---- Records provided

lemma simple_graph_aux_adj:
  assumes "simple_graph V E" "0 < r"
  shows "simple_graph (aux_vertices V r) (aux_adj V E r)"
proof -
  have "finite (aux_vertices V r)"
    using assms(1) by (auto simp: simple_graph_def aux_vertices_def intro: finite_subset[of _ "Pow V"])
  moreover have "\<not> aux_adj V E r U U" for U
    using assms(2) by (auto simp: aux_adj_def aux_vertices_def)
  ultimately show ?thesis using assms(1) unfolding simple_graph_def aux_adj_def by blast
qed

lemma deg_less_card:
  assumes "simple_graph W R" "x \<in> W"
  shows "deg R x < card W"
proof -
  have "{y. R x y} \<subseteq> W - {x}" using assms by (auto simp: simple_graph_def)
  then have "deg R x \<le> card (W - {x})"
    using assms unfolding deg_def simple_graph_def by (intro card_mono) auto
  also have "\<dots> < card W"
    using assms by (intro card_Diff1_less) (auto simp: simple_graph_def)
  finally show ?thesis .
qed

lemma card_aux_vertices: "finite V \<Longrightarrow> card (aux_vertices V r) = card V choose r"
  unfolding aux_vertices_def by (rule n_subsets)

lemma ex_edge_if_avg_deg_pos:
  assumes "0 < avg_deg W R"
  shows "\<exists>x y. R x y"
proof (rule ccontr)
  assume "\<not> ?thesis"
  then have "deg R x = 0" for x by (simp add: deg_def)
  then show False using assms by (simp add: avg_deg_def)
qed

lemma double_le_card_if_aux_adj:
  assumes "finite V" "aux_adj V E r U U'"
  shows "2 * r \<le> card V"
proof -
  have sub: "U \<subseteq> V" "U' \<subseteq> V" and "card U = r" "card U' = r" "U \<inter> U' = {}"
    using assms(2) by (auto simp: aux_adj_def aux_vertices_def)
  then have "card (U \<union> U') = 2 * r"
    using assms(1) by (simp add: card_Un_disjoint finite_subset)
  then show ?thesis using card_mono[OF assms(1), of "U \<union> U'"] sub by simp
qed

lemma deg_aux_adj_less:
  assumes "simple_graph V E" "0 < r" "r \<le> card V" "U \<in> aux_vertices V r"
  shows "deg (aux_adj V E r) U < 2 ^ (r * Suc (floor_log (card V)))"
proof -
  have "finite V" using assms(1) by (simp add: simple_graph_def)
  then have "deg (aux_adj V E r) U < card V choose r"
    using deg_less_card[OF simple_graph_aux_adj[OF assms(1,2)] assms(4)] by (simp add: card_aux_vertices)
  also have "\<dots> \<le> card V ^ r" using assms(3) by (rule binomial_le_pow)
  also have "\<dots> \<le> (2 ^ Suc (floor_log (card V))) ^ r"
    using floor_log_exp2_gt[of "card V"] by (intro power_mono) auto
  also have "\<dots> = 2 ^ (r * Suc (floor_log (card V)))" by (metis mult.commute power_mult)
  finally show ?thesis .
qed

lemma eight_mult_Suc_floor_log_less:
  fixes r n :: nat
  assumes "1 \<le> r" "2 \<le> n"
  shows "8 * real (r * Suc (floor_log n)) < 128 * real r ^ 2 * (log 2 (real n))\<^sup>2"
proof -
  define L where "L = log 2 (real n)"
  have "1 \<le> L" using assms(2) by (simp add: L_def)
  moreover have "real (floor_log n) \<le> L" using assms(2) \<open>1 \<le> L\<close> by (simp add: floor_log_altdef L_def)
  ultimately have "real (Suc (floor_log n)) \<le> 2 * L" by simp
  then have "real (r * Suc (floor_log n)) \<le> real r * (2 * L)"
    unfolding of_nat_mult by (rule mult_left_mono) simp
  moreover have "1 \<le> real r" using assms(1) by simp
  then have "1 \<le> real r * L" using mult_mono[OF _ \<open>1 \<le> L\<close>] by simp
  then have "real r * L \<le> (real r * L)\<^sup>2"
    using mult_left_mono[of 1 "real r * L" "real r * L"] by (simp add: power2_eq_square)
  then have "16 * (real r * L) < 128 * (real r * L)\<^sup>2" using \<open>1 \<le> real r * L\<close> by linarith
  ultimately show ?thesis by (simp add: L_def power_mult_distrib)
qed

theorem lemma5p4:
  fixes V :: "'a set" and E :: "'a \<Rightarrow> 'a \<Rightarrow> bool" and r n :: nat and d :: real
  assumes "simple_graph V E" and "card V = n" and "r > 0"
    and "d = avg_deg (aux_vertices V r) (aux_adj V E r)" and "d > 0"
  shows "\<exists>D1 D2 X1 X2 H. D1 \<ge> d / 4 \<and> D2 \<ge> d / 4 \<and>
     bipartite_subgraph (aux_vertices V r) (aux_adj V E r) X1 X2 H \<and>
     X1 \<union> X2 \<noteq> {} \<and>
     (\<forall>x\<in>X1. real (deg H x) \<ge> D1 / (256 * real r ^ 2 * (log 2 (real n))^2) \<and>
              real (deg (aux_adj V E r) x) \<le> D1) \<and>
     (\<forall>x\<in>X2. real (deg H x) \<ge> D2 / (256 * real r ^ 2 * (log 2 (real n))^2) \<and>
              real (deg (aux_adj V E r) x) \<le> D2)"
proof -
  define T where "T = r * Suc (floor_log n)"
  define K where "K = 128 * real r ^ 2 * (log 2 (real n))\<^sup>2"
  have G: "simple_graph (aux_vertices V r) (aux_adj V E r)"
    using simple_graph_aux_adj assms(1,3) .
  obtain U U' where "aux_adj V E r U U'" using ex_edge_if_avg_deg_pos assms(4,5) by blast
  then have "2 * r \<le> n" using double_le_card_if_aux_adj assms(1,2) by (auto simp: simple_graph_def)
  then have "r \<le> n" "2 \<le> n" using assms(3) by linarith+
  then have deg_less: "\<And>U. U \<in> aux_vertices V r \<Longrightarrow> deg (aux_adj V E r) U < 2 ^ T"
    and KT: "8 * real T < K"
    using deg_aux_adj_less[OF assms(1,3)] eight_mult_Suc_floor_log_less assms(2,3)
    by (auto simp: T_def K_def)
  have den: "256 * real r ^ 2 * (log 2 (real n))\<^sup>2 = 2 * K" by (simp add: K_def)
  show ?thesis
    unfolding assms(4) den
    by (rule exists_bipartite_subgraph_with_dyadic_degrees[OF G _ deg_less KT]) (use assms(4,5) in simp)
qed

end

--------

**Work order**
From the listing, copy each line containing the word "blast".

**Written response**
  ultimately show ?thesis using assms(1) unfolding simple_graph_def aux_adj_def by blast
  obtain U U' where "aux_adj V E r U U'" using ex_edge_if_avg_deg_pos assms(4,5) by blast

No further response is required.